Enzyme Technology
Use of 'unnatural' substrates
Many enzymes are not totally specific for their natural substrates. Some have
been found to catalyse reactions quite different from those given as the normal
reactions and reflected in their name and EC number. Sometimes it necessary to
place the enzyme in an unusual environment in order to display new activities.
Thus, lipases act as transesterases in primarily non-aqueous environments (see
Chapter 7). In other cases, changes in the environment are not necessary.
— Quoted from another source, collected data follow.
(* Let $A\in\mathbb{Z}^{d\times n}$, $\mathbf{b}\in\mathbb{Z}^d$, $\mathbf{c}\in\mathbb{Z}^n$, $\mathbf{u}\in\mathbb{Z}_{\ge0}^n$, and consider the LP $\min\{\mathbf{c}^\top\mathbf{x} : A\mathbf{x}=\mathbf{b},\ \mathbf{0}\le\mathbf{x}\le\mathbf{u},\ \mathbf{x}\in\mathbb{R}^n\}$. Let $m$ be the number of distinct positive values of $-\mathbf{c}^\top\mathbf{z}/\|\mathbf{z}\|_1$ as $\mathbf{z}$ ranges over $\mathcal{C}(A)$. Then from any feasible solution, every sequence of discrete steepest-descent augmentations reaches an optimal solution after at most $n\cdot m$ augmentations.
   Context: The circuits $\mathcal{C}(A)$: for each nonzero $\mathbf{z}\in\ker(A)$ with inclusion-minimal support among nonzero vectors of $\ker(A)$, the line $\mathbb{R}\mathbf{z}$ contains exactly two nonzero integer points closest to the origin; $\mathcal{C}(A)$ is the set of all these vectors. Discrete steepest-descent augmentation (LP): given a feasible $\mathbf{x}_k$, choose $\mathbf{z}\in\mathcal{C}(A)$ maximizing $-\mathbf{c}^\top\mathbf{z}/\|\mathbf{z}\|_1$ among all $\mathbf{z}\in\mathcal{C}(A)$ such that $\mathbf{x}_k+\epsilon\mathbf{z}$ is feasible for some $\epsilon>0$; if this maximum is positive, let $\alpha$ be the largest real number with $\mathbf{x}_k+\alpha\mathbf{z}$ feasible and set $\mathbf{x}_{k+1}:=\mathbf{x}_k+\alpha\mathbf{z}$, otherwise stop. *)

theory Defs
  imports "HOL-Analysis.Analysis"
begin

text \<open>Vectors are indexed by finite types: 'n indexes the n variables, 'd the d constraints.
  Integer data are embedded into the reals via of_int.\<close>

definition realM :: "int^'n^'d \<Rightarrow> real^'n^'d" where
  "realM A = (\<chi> i j. real_of_int (A $ i $ j))"

definition realV :: "int^'n \<Rightarrow> real^'n" where
  "realV v = (\<chi> i. real_of_int (v $ i))"

definition kerA :: "int^'n^'d \<Rightarrow> (real^'n) set" where
  "kerA A = {z. realM A *v z = 0}"

definition supp :: "real^'n \<Rightarrow> 'n set" where
  "supp z = {i. z $ i \<noteq> 0}"

definition is_int_vec :: "real^'n \<Rightarrow> bool" where
  "is_int_vec z \<longleftrightarrow> (\<forall>i. z $ i \<in> \<int>)"

text \<open>Circuits: nonzero kernel vectors of inclusion-minimal support, normalised to be
  the nonzero integer points of their line closest to the origin.\<close>
definition circuits :: "int^'n^'d \<Rightarrow> (real^'n) set" where
  "circuits A = {z. z \<in> kerA A \<and> z \<noteq> 0
      \<and> (\<forall>y\<in>kerA A. y \<noteq> 0 \<longrightarrow> \<not> (supp y \<subset> supp z))
      \<and> is_int_vec z
      \<and> (\<forall>t::real. is_int_vec (t *\<^sub>R z) \<and> t *\<^sub>R z \<noteq> 0 \<longrightarrow> norm z \<le> norm (t *\<^sub>R z))}"
text \<open>Streaming consistency of the global schedule: every complete concurrent execution gives
the same item contents and the same per-transaction results (answers) as serial execution in
timestamp order.\<close>

definition streaming_consistent :: "('i, 'v, 'l) txn list \<Rightarrow> ('i \<Rightarrow> 'v) \<Rightarrow> bool" where
  "streaming_consistent ts \<sigma>0 \<longleftrightarrow>
     (\<forall>s. (cstep ts)\<^sup>*\<^sup>* (init_state ts \<sigma>0) s \<and> finished ts s \<longrightarrow>
          store s = fst (serial ts \<sigma>0) \<and>
          (\<forall>k<length ts. loc s k = snd (serial ts \<sigma>0) ! k))"

end

theory Submission
  imports Defs "HOL-Library.Product_Lexorder"
begin

(* Request (k, j), the j-th operation of transaction k, is enqueued after all requests of
   transactions before k and of earlier operations of k, so the wait-lists are sorted
   lexicographically and the locks on an item are granted in request order. An exclusive lock
   is granted only when all earlier requests on its item have completed, and it blocks all later
   ones until it completes. Hence the completed writes on an item always form an initial segment
   of its writes, and when an operation runs, its item holds the value it has at the same point
   of the serial execution. By induction over the execution, the items and the local states of
   the threads agree with the serial execution, and at the end this is streaming consistency. *)

lemma run_ops_append:
  "run_ops (xs @ ys) l \<sigma> = (case run_ops xs l \<sigma> of (l', \<sigma>') \<Rightarrow> run_ops ys l' \<sigma>')"
  by (induction xs arbitrary: l \<sigma>) (auto split: prod.split)

lemma serial_append:
  "serial (xs @ ys) \<sigma> =
     (case serial xs \<sigma> of (\<sigma>', ls) \<Rightarrow> (case serial ys \<sigma>' of (\<sigma>'', ls') \<Rightarrow> (\<sigma>'', ls @ ls')))"
  by (induction xs arbitrary: \<sigma>) (auto split: prod.split)

lemma length_serial: "length (snd (serial ts \<sigma>)) = length ts"
  by (induction ts arbitrary: \<sigma>) (auto split: prod.split, metis snd_conv)

lemma filter_Cons_remove:
  assumes "distinct xs" "filter P xs = a # rest"
  shows "rest = filter (\<lambda>y. a \<noteq> y \<and> P y) xs"
proof -
  have "rest = remove1 a (filter P xs)"
    using assms(2) by simp
  also have "\<dots> = filter (\<lambda>y. a \<noteq> y \<and> P y) xs"
    using assms(1) by (simp add: filter_remove1[symmetric] distinct_remove1_removeAll removeAll_filter_not_eq)
  finally show ?thesis .
qed
(* Let $G$ be a finitely generated group with arbitrarily large finite quotients, and let $n$ be a positive integer. Then $G$ has a finite generating set $A$ such that the depth of $G$ with respect to $A$ is at least $n$.
   Context: A group $G$ has arbitrarily large finite quotients if for every integer $m$ there is a surjective homomorphism from $G$ onto a finite group of order at least $m$. For a finite generating set $A$ of $G$, let $d_A$ denote the word metric on $G$ induced by $A$ (equivalently, the path metric in the Cayley graph of $G$ with respect to $A$). The (dead-end) depth of an element $g\in G$ with respect to $A$ is the $d_A$-distance from $g$ to the complement of the closed ball $\{x\in G : d_A(1,x)\le d_A(1,g)\}$, i.e. the distance from $g$ to the nearest element $x$ with $d_A(1,x)>d_A(1,g)$. The depth of $G$ with respect to $A$ is the (possibly infinite) supremum of the depths of all elements of $G$ with respect to $A$. *)

theory Defs
  imports "HOL-Algebra.Algebra" "HOL-Library.Extended_Nat"
begin

definition word_length :: "('a, 'b) monoid_scheme \<Rightarrow> 'a set \<Rightarrow> 'a \<Rightarrow> nat" where
  "word_length G A g =
     (LEAST k. \<exists>xs. length xs = k \<and> set xs \<subseteq> A \<union> m_inv G ` A
                    \<and> foldr (monoid.mult G) xs (monoid.one G) = g)"

definition word_dist :: "('a, 'b) monoid_scheme \<Rightarrow> 'a set \<Rightarrow> 'a \<Rightarrow> 'a \<Rightarrow> nat" where
  "word_dist G A x y = word_length G A (inv\<^bsub>G\<^esub> x \<otimes>\<^bsub>G\<^esub> y)"

text \<open>Dead-end depth of g: distance from g to the set of elements strictly farther
  from the identity (infinite if there is none).\<close>
definition elem_depth :: "('a, 'b) monoid_scheme \<Rightarrow> 'a set \<Rightarrow> 'a \<Rightarrow> enat" where
  "elem_depth G A g =
     (INF x \<in> {x \<in> carrier G. word_length G A x > word_length G A g}.
        enat (word_dist G A g x))"

definition group_depth :: "('a, 'b) monoid_scheme \<Rightarrow> 'a set \<Rightarrow> enat" where
  "group_depth G A = (SUP g \<in> carrier G. elem_depth G A g)"

definition finite_gen_set :: "('a, 'b) monoid_scheme \<Rightarrow> 'a set \<Rightarrow> bool" where
  "finite_gen_set G A \<longleftrightarrow> finite A \<and> A \<subseteq> carrier G \<and> generate G A = carrier G"

definition finitely_generated :: "('a, 'b) monoid_scheme \<Rightarrow> bool" where
  "finitely_generated G \<longleftrightarrow> (\<exists>A. finite_gen_set G A)"

text \<open>Every quotient of G is isomorphic to a group
  with carrier of type 'a set (namely G Mod N), so quantifying over target groups
  of type 'a set monoid loses nothing.\<close>
definition arb_large_finite_quotients :: "('a, 'b) monoid_scheme \<Rightarrow> bool" where
  "arb_large_finite_quotients G \<longleftrightarrow>
     (\<forall>m::nat. \<exists>(H :: 'a set monoid) h. group H \<and> h \<in> hom G H \<and> h ` carrier G = carrier H
        \<and> finite (carrier H) \<and> card (carrier H) \<ge> m)"

end

theory Submission
  imports Defs
begin
(* For every integer $n\ge1$ and every $u\in V$, $\Pr(E_{2u})<\dfrac{9}{2\ln(n+1)}$.
   Context: For an integer $n\ge1$, the $n$-octahedral graph $G'_n=(V,E')$ is the undirected graph with vertex set $V=\{u\in\mathbb{Z}^3:|u_1|+|u_2|+|u_3|=n\}$ and edge set $E'=\{\{v,w\}\subset V: v\neq w,\ |v_i-w_i|\le 1 \text{ for all } i=1,2,3\}$. For $u,v\in V$, $d_{uv}$ denotes the shortest-path distance in $G'_n$, and $Z_u=\left(\sum_{w\in V\setminus\{u\}} d_{uw}^{-2}\right)^{-1}$. The OSW random graph $G_n=(V,E)$ is the directed graph in which, for every $\{u,v\}\in E'$, both $(u,v),(v,u)\in E$, and in addition each vertex $u\in V$, independently of the others, chooses one vertex $v\in V\setminus\{u\}$ with probability $Z_u d_{uv}^{-2}$ and the long-range edge $(u,v)$ is added; $C_{uv}$ denotes the event that $u$ chooses $v$. For an ordered pair $(x,y)$ of distinct vertices, say $(x,y)$ is of type $s$ if $\{x,y\}\in E'$, and of type $w$ if $d_{xy}\ge2$ and $C_{xy}$ occurs. A C3 rooted at $u$ of type $(t_1,t_2,t_3)\in\{s,w\}^3$ is a triple $(u,a,b)$ of pairwise distinct vertices such that $(u,a)$ is of type $t_1$, $(a,b)$ is of type $t_2$ and $(b,u)$ is of type $t_3$. $E_{2u}$ is the event that there exists a C3 rooted at $u$ of type $(s,w,s)$. *)

theory Defs
  imports "HOL-Probability.Probability"
begin

type_synonym vtx = "int \<times> int \<times> int"

definition octV :: "nat \<Rightarrow> vtx set" where
  "octV n = {(x, y, z). \<bar>x\<bar> + \<bar>y\<bar> + \<bar>z\<bar> = int n}"

definition octAdj :: "nat \<Rightarrow> vtx \<Rightarrow> vtx \<Rightarrow> bool" where
  "octAdj n v w \<longleftrightarrow> v \<in> octV n \<and> w \<in> octV n \<and> v \<noteq> w \<and>
     \<bar>fst v - fst w\<bar> \<le> 1 \<and> \<bar>fst (snd v) - fst (snd w)\<bar> \<le> 1 \<and>
     \<bar>snd (snd v) - snd (snd w)\<bar> \<le> 1"

definition octDist :: "nat \<Rightarrow> vtx \<Rightarrow> vtx \<Rightarrow> nat" where
  "octDist n u v = (LEAST k. (u, v) \<in> ({(a, b). octAdj n a b}) ^^ k)"

definition octZ :: "nat \<Rightarrow> vtx \<Rightarrow> real" where
  "octZ n u = inverse (\<Sum>w \<in> octV n - {u}. 1 / (real (octDist n u w))^2)"

definition choice_pmf :: "nat \<Rightarrow> vtx \<Rightarrow> vtx pmf" where
  "choice_pmf n u = embed_pmf (\<lambda>v. if v \<in> octV n - {u}
       then octZ n u / (real (octDist n u v))^2 else 0)"

text \<open>Joint (independent) choices of all vertices: an outcome is the function
  mapping each vertex u to the vertex it chooses (C_uv iff f u = v).\<close>
definition osw_pmf :: "nat \<Rightarrow> (vtx \<Rightarrow> vtx) pmf" where
  "osw_pmf n = Pi_pmf (octV n) (0, 0, 0) (choice_pmf n)"

definition type_s :: "nat \<Rightarrow> vtx \<Rightarrow> vtx \<Rightarrow> bool" where
  "type_s n x y \<longleftrightarrow> octAdj n x y"

definition type_w :: "nat \<Rightarrow> (vtx \<Rightarrow> vtx) \<Rightarrow> vtx \<Rightarrow> vtx \<Rightarrow> bool" where
  "type_w n f x y \<longleftrightarrow> x \<in> octV n \<and> y \<in> octV n \<and> x \<noteq> y \<and> octDist n x y \<ge> 2 \<and> f x = y"
lemma same_chain_unique:
  assumes inj: "inj_on \<sigma> I" and incr: "\<forall>i\<in>I. i < \<sigma> i" and iI: "i \<in> I"
    and bounds: "\<And>x. x \<in> {j, j'} \<Longrightarrow> \<sigma> i \<le> x \<and> (x \<in> \<sigma> ` I \<longrightarrow> the_inv_into I \<sigma> x \<le> i)"
    and chain: "same_chain I \<sigma> j j'"
  shows "j = j'"
proof -
  define r where "r = {(i, \<sigma> i) | i. i \<in> I}"
  have conv: "{(\<sigma> i, i) | i. i \<in> I} = r\<inverse>" unfolding r_def by auto
  have "single_valued r" unfolding r_def by (auto intro: single_valuedI)
  moreover have "single_valued (r\<inverse>)"
    unfolding r_def using inj by (auto intro!: single_valuedI dest: inj_onD)
  moreover have "(j, j') \<in> (r \<union> r\<inverse>)\<^sup>*" using chain unfolding same_chain_def conv r_def .
  ultimately have path: "(j, j') \<in> r\<^sup>* \<or> (j', j) \<in> r\<^sup>*"
    by (rule rtrancl_Un_converse_single_valued)
  have "a = b" if ab: "(a, b) \<in> r\<^sup>*" and vertices: "a \<in> {j, j'}" "b \<in> {j, j'}" for a b
  proof (rule ccontr)
    assume "a \<noteq> b"
    then obtain w where aw: "(a, w) \<in> r\<^sup>*" and wb: "(w, b) \<in> r"
      using ab by (meson rtranclE)
    have wI: "w \<in> I" and \<sigma>w: "\<sigma> w = b" using wb unfolding r_def by auto
    have "a \<le> w" using rtrancl_arcs_le[OF incr] aw unfolding r_def by blast
    moreover have "the_inv_into I \<sigma> b = w" using inj wI \<sigma>w by (auto simp: the_inv_into_f_f)
    moreover have "\<sigma> i \<le> a" "the_inv_into I \<sigma> b \<le> i" using bounds vertices wI \<sigma>w by auto
    ultimately show False using incr iI by force
  qed
  then show ?thesis using path by blast
qed

theorem theorem4p8:
  fixes n :: nat and I :: "nat set" and \<sigma> :: "nat \<Rightarrow> nat" and A :: "'a::field mat"
  assumes "I \<subseteq> {1..n}" and "inj_on \<sigma> I" and "\<forall>i\<in>I. i < \<sigma> i \<and> \<sigma> i \<le> n"
    and "A \<in> QUn n (subperm I \<sigma>)" and "is_bel_cf n A"
  defines "Sh \<equiv> {1..n} - I" and "St \<equiv> {1..n} - \<sigma> ` I"
  shows "(\<forall>i\<in>{1..n}. \<forall>j\<in>{1..n}. A i j \<noteq> 0 \<longrightarrow>
            i \<in> I \<and>
            ((j = \<sigma> i \<and> A i j = 1)
             \<or> (j \<in> St - Sh \<and> \<sigma> i < j)
             \<or> (j \<notin> St \<union> Sh \<and> the_inv_into I \<sigma> j < i \<and> i < \<sigma> i \<and> \<sigma> i < j)))
       \<and> (\<forall>i\<in>I. \<forall>j\<in>{1..n}. \<forall>j'\<in>{1..n}.
            same_chain I \<sigma> j j' \<and> A i j \<noteq> 0 \<and> A i j' \<noteq> 0 \<longrightarrow> j = j')"
proof -
  obtain U where U: "U \<in> Un_n n" and QU: "A = mmul n (subperm I \<sigma>) U"
    using assms(4) unfolding QUn_def by auto
  obtain A0 As Gs where run: "A0 \<in> Nn n" "bel_run n A0 As Gs"
    and A: "A = As (length (bel_positions n))"
    using assms(5) unfolding is_bel_cf_def bel_cf_of_def by auto
  interpret QU_canonical_form n A0 As Gs I \<sigma> U
    using assms(1-3) U QU run A by unfold_locales auto
  have "j = j'" if "i \<in> I" "same_chain I \<sigma> j j'" "A i j \<noteq> 0" "A i j' \<noteq> 0" for i j j'
    using same_chain_unique[OF assms(2) _ \<open>i \<in> I\<close> _ \<open>same_chain I \<sigma> j j'\<close>] assms(3) that
      nonzero_entry_column_bounds unfolding A by blast
  then show ?thesis
    using nonzero_entry_trichotomy unfolding A Sh_def St_def by blast
qed

end
(* Let $F$ be a finite field of odd characteristic in which $-1$ is not a square, fix $C_0\ge1$, and let $A\subseteq F^2$ be $k$-regular (with constant $C_0$). Then $$\mathcal{R}(A)\lesssim |A|^2\,k,$$ with implied constant depending only on $C_0$.
   Context: For $x\cdot y=x_1y_1+x_2y_2$ on $F^2$: $(x_0,x_1,x_2)\in(F^2)^3$ is a corner if $(x_1-x_0)\cdot(x_2-x_1)=0$; $(x_0,x_1,x_2,x_3)\in(F^2)^4$ is a rectangle if $(x_i,x_{i+1},x_{i+2})$ is a corner for each $i\in\{0,1,2,3\}$, indices mod 4; $\mathcal{R}(A)$ is the number of rectangles in $A^4$. A line in $F^2$ is $\{p+tv:t\in F\}$ with $v\ne0$. $A$ is $k$-regular (with constant $C_0$) if $k\le C_0|A|^{1/2}$ and there exist a set $L$ of lines with $k/C_0\le|L|\le C_0k$ and a partition $A=\bigsqcup_{\ell\in L}A_\ell$ with $A_\ell\subseteq\ell$ and $|A|/(C_0k)\le|A_\ell|\le C_0|A|/k$ for each $\ell\in L$. *)

theory Defs
  imports "HOL-Algebra.Ring" "HOL-Algebra.Ring_Divisibility" Complex_Main
begin

definition odd_char :: "('a, 'b) ring_scheme \<Rightarrow> bool" where
  "odd_char R \<longleftrightarrow> \<one>\<^bsub>R\<^esub> \<oplus>\<^bsub>R\<^esub> \<one>\<^bsub>R\<^esub> \<noteq> \<zero>\<^bsub>R\<^esub>"

definition dotp :: "('a, 'b) ring_scheme \<Rightarrow> 'a \<times> 'a \<Rightarrow> 'a \<times> 'a \<Rightarrow> 'a" where
  "dotp R x y = (fst x \<otimes>\<^bsub>R\<^esub> fst y) \<oplus>\<^bsub>R\<^esub> (snd x \<otimes>\<^bsub>R\<^esub> snd y)"

definition vsub :: "('a, 'b) ring_scheme \<Rightarrow> 'a \<times> 'a \<Rightarrow> 'a \<times> 'a \<Rightarrow> 'a \<times> 'a" where
  "vsub R x y = (fst x \<ominus>\<^bsub>R\<^esub> fst y, snd x \<ominus>\<^bsub>R\<^esub> snd y)"

definition corner :: "('a, 'b) ring_scheme \<Rightarrow> 'a \<times> 'a \<Rightarrow> 'a \<times> 'a \<Rightarrow> 'a \<times> 'a \<Rightarrow> bool" where
  "corner R x0 x1 x2 \<longleftrightarrow> dotp R (vsub R x1 x0) (vsub R x2 x1) = \<zero>\<^bsub>R\<^esub>"

definition rectangle :: "('a, 'b) ring_scheme \<Rightarrow> 'a \<times> 'a \<Rightarrow> 'a \<times> 'a \<Rightarrow> 'a \<times> 'a \<Rightarrow> 'a \<times> 'a \<Rightarrow> bool" where
  "rectangle R x0 x1 x2 x3 \<longleftrightarrow>
     corner R x0 x1 x2 \<and> corner R x1 x2 x3 \<and> corner R x2 x3 x0 \<and> corner R x3 x0 x1"

definition rect_count :: "('a, 'b) ring_scheme \<Rightarrow> ('a \<times> 'a) set \<Rightarrow> nat" where
  "rect_count R A = card {(x0, x1, x2, x3). x0 \<in> A \<and> x1 \<in> A \<and> x2 \<in> A \<and> x3 \<in> A \<and>
                            rectangle R x0 x1 x2 x3}"

definition is_line :: "('a, 'b) ring_scheme \<Rightarrow> ('a \<times> 'a) set \<Rightarrow> bool" where
  "is_line R l \<longleftrightarrow> (\<exists>p v. p \<in> carrier R \<times> carrier R \<and> v \<in> carrier R \<times> carrier R \<and>
       v \<noteq> (\<zero>\<^bsub>R\<^esub>, \<zero>\<^bsub>R\<^esub>) \<and>
       l = {(fst p \<oplus>\<^bsub>R\<^esub> t \<otimes>\<^bsub>R\<^esub> fst v, snd p \<oplus>\<^bsub>R\<^esub> t \<otimes>\<^bsub>R\<^esub> snd v) | t. t \<in> carrier R})"

definition k_regular :: "('a, 'b) ring_scheme \<Rightarrow> real \<Rightarrow> real \<Rightarrow> ('a \<times> 'a) set \<Rightarrow> bool" where
  "k_regular R C0 k A \<longleftrightarrow>
     k \<le> C0 * sqrt (real (card A)) \<and>
     (\<exists>L P. (\<forall>l\<in>L. is_line R l) \<and>
            k / C0 \<le> real (card L) \<and> real (card L) \<le> C0 * k \<and>
            A = (\<Union>l\<in>L. P l) \<and>
            (\<forall>l\<in>L. \<forall>l'\<in>L. l \<noteq> l' \<longrightarrow> P l \<inter> P l' = {}) \<and>
            (\<forall>l\<in>L. P l \<subseteq> l \<and>
                    real (card A) / (C0 * k) \<le> real (card (P l)) \<and>
                    real (card (P l)) \<le> C0 * real (card A) / k))"

end

theory Submission
  imports Defs
begin

text \<open>If -1 is not a square, x^2 + y^2 vanishes only at 0. Hence in a rectangle
  (x0, x1, x2, x3) the closing vector x3 - x2 + x1 - x0, whose squared length is minus the sum of
  the four corner dot products, is zero: the fourth vertex is determined by the other three, and
  it suffices to count corners. A corner (x0, x1, x2) with x0 \<noteq> x1 asks x2 to lie on the
  perpendicular to x1 - x0 through x1. Let x2 lie on the line l of the regular structure. If l is
  not that perpendicular, x2 is determined by (x0, x1, l), giving at most |L| |A|^2 corners; if
  it is, x1 is determined by (x0, l), hence by (x0, x2), giving at most |A|^2 corners. Together
  with the |A|^2 corners with x0 = x1 this gives (|L| + 2) |A|^2, which is O(|A|^2 k).\<close>

definition param_line :: "('a, 'b) ring_scheme \<Rightarrow> 'a \<times> 'a \<Rightarrow> 'a \<times> 'a \<Rightarrow> ('a \<times> 'a) set" where
  "param_line R p d =
     {(fst p \<oplus>\<^bsub>R\<^esub> t \<otimes>\<^bsub>R\<^esub> fst d, snd p \<oplus>\<^bsub>R\<^esub> t \<otimes>\<^bsub>R\<^esub> snd d) | t. t \<in> carrier R}"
Glucose oxidase (see reaction scheme [1.1]) is specific for its reducing
substrate (D-glucose) but fairly non-specific in its choice of oxidant, normally
molecular oxygen. It has been established that benzoquinone is also an effective
electron-accepting substrate:
[8.1]
b-D-glucose +
benzoquinone D-glucono-1,5-lactone + hydroquinone
The product of this reaction, hydroquinone, is a valuable organic chemical,
being used in the photographic industry and as an antioxidant. The reaction
gives nearly 100% yields, with no possibility of the peroxide-induced
inactivation which occurs using molecular oxygen as oxidant. Because of the
ready solubility of benzoquinone and low solubility of molecular oxygen, the
above reaction ([8.1]) can give productivity rates several times greater than
the 'natural' reaction ([1.1]).
Acetylcholinesterase (EC 3.1.1.7) normally catalyzes the hydrolysis of
acetylcholine, the excitatory neurotransmitter, in the synaptic junctions of
vertebrates.
[8.2]
acetylcholine + water
choline + acetic acid
The acetylcholinesterase from the electric eel has been found additionally to
catalyse the stereospecific hydrolysis of acetyl-D-carnitine but not
acetyl-L-carnitine.
[8.3]
acetyl-D-carnitine + water
D-Carnitine + acetic acid
Although the reaction involving acetyl-D-carnitine has a second-order rate
(specificity) constant four orders of magnitude smaller than that utilising
acetylcholine, the productivities at high substrate concentrations are
comparable, the 'natural' substrate, acetylcholine, causing pronounced substrate
inhibition which is not apparent with acetyl-D-carnitine. The 'unnatural'
reaction is useful as it may be used in the preparation of L-carnitine, one of
the vitamins that has numerous therapeutic applications; the D-isomer being
biologically inactive. The enzyme can, therefore, be used in a manner similar to
the way in which aminoacylase is used to resolve racemic amino acids. Chemically
synthesised racemic DL-carnitine may be acetylated, using acetyl chloride, to
give acetyl-DL-carnitine. The acetylcholinesterase may then be used to produce a
mixture of acetyl-L-carnitine and D-carnitine that may be simply resolved by
ion-exchange chromatography. The acetyl-L-carnitine is as biologically active as
L-carnitine and may be used directly.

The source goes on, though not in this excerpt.